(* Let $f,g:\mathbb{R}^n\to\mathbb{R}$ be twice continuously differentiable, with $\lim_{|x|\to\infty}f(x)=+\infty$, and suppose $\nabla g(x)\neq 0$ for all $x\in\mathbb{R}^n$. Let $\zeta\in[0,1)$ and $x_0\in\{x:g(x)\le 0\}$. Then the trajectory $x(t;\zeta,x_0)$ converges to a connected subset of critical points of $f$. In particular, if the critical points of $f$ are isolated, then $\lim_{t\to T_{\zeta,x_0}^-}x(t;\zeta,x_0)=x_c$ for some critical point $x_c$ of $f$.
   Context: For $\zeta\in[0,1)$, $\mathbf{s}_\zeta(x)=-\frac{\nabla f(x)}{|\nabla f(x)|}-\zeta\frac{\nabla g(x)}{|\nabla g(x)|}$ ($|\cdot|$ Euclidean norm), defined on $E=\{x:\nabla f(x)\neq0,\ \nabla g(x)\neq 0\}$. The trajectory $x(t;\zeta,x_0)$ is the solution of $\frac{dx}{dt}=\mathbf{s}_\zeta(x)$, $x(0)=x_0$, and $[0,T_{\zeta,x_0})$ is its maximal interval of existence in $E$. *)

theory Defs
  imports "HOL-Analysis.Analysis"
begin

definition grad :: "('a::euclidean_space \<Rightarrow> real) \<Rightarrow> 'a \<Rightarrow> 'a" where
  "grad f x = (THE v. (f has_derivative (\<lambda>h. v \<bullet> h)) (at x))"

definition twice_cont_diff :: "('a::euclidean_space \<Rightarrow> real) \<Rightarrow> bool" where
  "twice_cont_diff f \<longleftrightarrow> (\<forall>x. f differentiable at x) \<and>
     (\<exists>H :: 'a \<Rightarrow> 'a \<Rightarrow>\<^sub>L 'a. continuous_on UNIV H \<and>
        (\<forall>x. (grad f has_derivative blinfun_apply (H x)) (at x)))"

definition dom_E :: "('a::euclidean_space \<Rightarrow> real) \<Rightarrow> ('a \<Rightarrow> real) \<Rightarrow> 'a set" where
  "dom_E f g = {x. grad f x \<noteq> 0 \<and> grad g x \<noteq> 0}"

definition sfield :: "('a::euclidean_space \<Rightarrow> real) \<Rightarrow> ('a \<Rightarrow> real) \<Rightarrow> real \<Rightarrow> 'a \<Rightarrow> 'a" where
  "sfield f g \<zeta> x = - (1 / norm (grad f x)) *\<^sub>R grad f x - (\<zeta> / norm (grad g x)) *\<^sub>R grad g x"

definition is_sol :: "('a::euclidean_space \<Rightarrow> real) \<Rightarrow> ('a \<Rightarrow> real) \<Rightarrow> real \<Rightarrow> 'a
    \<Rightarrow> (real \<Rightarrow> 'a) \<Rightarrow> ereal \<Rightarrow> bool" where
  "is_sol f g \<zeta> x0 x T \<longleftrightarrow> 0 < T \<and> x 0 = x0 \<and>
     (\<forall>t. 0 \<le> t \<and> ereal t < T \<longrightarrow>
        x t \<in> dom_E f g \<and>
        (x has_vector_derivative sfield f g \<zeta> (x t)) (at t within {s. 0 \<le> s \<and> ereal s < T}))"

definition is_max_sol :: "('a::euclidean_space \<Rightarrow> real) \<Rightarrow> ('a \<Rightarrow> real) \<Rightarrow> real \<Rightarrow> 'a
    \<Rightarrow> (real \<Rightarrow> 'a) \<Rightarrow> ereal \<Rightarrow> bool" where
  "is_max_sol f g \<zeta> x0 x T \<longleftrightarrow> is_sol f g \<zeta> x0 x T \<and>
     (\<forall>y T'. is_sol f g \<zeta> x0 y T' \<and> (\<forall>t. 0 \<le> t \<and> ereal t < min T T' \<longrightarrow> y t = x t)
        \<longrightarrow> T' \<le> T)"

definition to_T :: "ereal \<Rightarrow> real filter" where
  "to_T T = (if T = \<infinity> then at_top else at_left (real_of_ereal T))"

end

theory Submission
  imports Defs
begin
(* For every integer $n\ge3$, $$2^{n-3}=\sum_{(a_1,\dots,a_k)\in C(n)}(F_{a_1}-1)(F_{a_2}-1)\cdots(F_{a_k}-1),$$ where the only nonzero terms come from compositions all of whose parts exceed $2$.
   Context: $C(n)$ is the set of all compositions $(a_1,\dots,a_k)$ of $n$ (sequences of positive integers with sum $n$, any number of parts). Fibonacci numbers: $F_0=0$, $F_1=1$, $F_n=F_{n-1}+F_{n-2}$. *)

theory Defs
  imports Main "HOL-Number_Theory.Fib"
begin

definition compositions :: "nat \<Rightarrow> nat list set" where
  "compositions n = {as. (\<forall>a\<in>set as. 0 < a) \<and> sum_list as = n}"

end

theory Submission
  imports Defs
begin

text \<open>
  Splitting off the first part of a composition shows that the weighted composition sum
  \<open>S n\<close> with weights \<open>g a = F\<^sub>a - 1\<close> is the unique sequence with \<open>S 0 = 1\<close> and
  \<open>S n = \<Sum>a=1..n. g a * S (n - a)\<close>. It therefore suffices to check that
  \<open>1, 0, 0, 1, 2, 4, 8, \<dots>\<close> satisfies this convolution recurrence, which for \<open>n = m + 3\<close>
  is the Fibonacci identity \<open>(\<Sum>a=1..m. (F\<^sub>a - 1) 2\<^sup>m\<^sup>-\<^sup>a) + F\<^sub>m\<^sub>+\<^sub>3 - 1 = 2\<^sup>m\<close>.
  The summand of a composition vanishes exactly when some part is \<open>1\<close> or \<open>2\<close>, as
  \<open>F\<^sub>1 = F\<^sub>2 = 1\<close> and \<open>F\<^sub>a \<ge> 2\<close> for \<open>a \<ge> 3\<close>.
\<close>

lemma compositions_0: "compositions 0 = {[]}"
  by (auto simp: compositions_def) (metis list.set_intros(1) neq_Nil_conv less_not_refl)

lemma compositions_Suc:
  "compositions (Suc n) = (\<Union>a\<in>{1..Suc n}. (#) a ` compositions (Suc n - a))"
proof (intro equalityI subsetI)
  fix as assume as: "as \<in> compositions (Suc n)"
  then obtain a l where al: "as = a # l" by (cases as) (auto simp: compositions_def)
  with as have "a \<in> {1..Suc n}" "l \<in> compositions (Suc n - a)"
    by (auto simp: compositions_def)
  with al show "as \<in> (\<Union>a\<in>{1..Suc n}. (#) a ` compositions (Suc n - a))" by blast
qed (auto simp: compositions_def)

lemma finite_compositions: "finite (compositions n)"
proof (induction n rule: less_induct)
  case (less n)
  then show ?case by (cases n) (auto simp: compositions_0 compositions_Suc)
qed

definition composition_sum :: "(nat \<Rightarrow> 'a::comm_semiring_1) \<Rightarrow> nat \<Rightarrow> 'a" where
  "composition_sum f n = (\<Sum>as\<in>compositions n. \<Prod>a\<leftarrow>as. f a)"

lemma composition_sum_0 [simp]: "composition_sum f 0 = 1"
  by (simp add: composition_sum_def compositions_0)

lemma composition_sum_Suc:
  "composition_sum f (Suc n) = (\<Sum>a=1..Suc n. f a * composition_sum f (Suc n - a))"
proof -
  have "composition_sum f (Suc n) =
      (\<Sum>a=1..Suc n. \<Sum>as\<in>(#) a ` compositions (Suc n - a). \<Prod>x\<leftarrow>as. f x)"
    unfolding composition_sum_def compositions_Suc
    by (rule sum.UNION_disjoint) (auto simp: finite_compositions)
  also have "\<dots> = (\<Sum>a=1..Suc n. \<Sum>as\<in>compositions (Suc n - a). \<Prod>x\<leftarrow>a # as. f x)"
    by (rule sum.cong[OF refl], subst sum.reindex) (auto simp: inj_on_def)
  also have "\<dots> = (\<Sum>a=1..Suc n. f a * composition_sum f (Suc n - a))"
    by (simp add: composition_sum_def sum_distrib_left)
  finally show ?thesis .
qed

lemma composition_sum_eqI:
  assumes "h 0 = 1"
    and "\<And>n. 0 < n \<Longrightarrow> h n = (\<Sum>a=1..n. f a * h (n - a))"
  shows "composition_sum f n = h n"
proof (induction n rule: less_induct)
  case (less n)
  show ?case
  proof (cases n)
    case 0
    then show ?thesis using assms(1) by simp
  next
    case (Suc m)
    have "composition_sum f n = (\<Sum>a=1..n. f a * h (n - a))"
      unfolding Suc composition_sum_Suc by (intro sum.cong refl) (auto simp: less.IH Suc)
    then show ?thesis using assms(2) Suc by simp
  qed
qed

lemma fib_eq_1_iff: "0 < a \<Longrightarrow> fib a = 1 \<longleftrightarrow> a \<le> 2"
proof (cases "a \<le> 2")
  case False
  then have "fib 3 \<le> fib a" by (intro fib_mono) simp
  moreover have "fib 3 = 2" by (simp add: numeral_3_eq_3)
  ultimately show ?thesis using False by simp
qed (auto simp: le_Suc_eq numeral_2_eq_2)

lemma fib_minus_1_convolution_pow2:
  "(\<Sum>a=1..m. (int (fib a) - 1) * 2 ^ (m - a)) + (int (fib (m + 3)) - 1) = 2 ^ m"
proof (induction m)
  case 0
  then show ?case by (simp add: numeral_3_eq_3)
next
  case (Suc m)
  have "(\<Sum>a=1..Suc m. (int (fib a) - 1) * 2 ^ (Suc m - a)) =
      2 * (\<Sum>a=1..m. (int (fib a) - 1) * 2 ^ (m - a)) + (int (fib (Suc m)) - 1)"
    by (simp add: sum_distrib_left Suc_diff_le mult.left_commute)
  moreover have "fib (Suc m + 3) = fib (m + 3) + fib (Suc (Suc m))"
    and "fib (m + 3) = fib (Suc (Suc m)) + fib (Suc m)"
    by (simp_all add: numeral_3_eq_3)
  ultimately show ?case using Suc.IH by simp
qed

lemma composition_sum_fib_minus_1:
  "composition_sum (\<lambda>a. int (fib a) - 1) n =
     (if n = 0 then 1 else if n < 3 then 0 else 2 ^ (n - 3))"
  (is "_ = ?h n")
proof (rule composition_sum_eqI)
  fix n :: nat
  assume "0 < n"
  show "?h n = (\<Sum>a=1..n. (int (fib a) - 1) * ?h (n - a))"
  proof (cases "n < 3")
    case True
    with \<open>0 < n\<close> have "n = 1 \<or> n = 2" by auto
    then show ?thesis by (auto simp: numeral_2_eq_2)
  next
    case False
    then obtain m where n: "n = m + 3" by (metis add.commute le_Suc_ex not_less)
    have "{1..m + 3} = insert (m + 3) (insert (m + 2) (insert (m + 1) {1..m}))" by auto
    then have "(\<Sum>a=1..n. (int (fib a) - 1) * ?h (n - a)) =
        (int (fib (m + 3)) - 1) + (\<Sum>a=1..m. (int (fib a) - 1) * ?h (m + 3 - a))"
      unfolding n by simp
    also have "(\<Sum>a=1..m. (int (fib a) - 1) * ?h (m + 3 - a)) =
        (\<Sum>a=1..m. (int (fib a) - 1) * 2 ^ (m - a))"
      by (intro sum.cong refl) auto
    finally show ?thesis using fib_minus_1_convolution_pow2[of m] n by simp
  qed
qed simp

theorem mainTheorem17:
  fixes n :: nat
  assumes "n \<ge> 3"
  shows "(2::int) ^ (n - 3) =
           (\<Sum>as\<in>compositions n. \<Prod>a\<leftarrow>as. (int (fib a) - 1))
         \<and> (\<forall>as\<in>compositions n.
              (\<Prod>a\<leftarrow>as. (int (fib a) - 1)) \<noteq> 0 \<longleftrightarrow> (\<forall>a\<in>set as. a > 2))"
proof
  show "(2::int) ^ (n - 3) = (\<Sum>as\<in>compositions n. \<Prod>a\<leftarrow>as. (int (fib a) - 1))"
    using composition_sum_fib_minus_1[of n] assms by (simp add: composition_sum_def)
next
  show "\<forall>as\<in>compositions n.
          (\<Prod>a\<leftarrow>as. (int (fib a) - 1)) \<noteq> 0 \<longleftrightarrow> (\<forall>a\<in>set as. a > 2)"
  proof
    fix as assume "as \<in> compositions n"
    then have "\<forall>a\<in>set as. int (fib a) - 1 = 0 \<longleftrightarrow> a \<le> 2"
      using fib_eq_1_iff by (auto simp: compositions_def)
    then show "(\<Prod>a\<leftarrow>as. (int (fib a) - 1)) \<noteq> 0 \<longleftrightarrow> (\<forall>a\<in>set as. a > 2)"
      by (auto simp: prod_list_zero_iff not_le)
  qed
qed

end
——
About this exercise. Set down exactly the lines of the data above, beginning with the line that has "2 * (\<Sum>a=1..m." and ending with the line that has "3) = fib (Suc", and no others.

Task response.
      2 * (\<Sum>a=1..m. (int (fib a) - 1) * 2 ^ (m - a)) + (int (fib (Suc m)) - 1)"
    by (simp add: sum_distrib_left Suc_diff_le mult.left_commute)
  moreover have "fib (Suc m + 3) = fib (m + 3) + fib (Suc (Suc m))"
    and "fib (m + 3) = fib (Suc (Suc m)) + fib (Suc m)"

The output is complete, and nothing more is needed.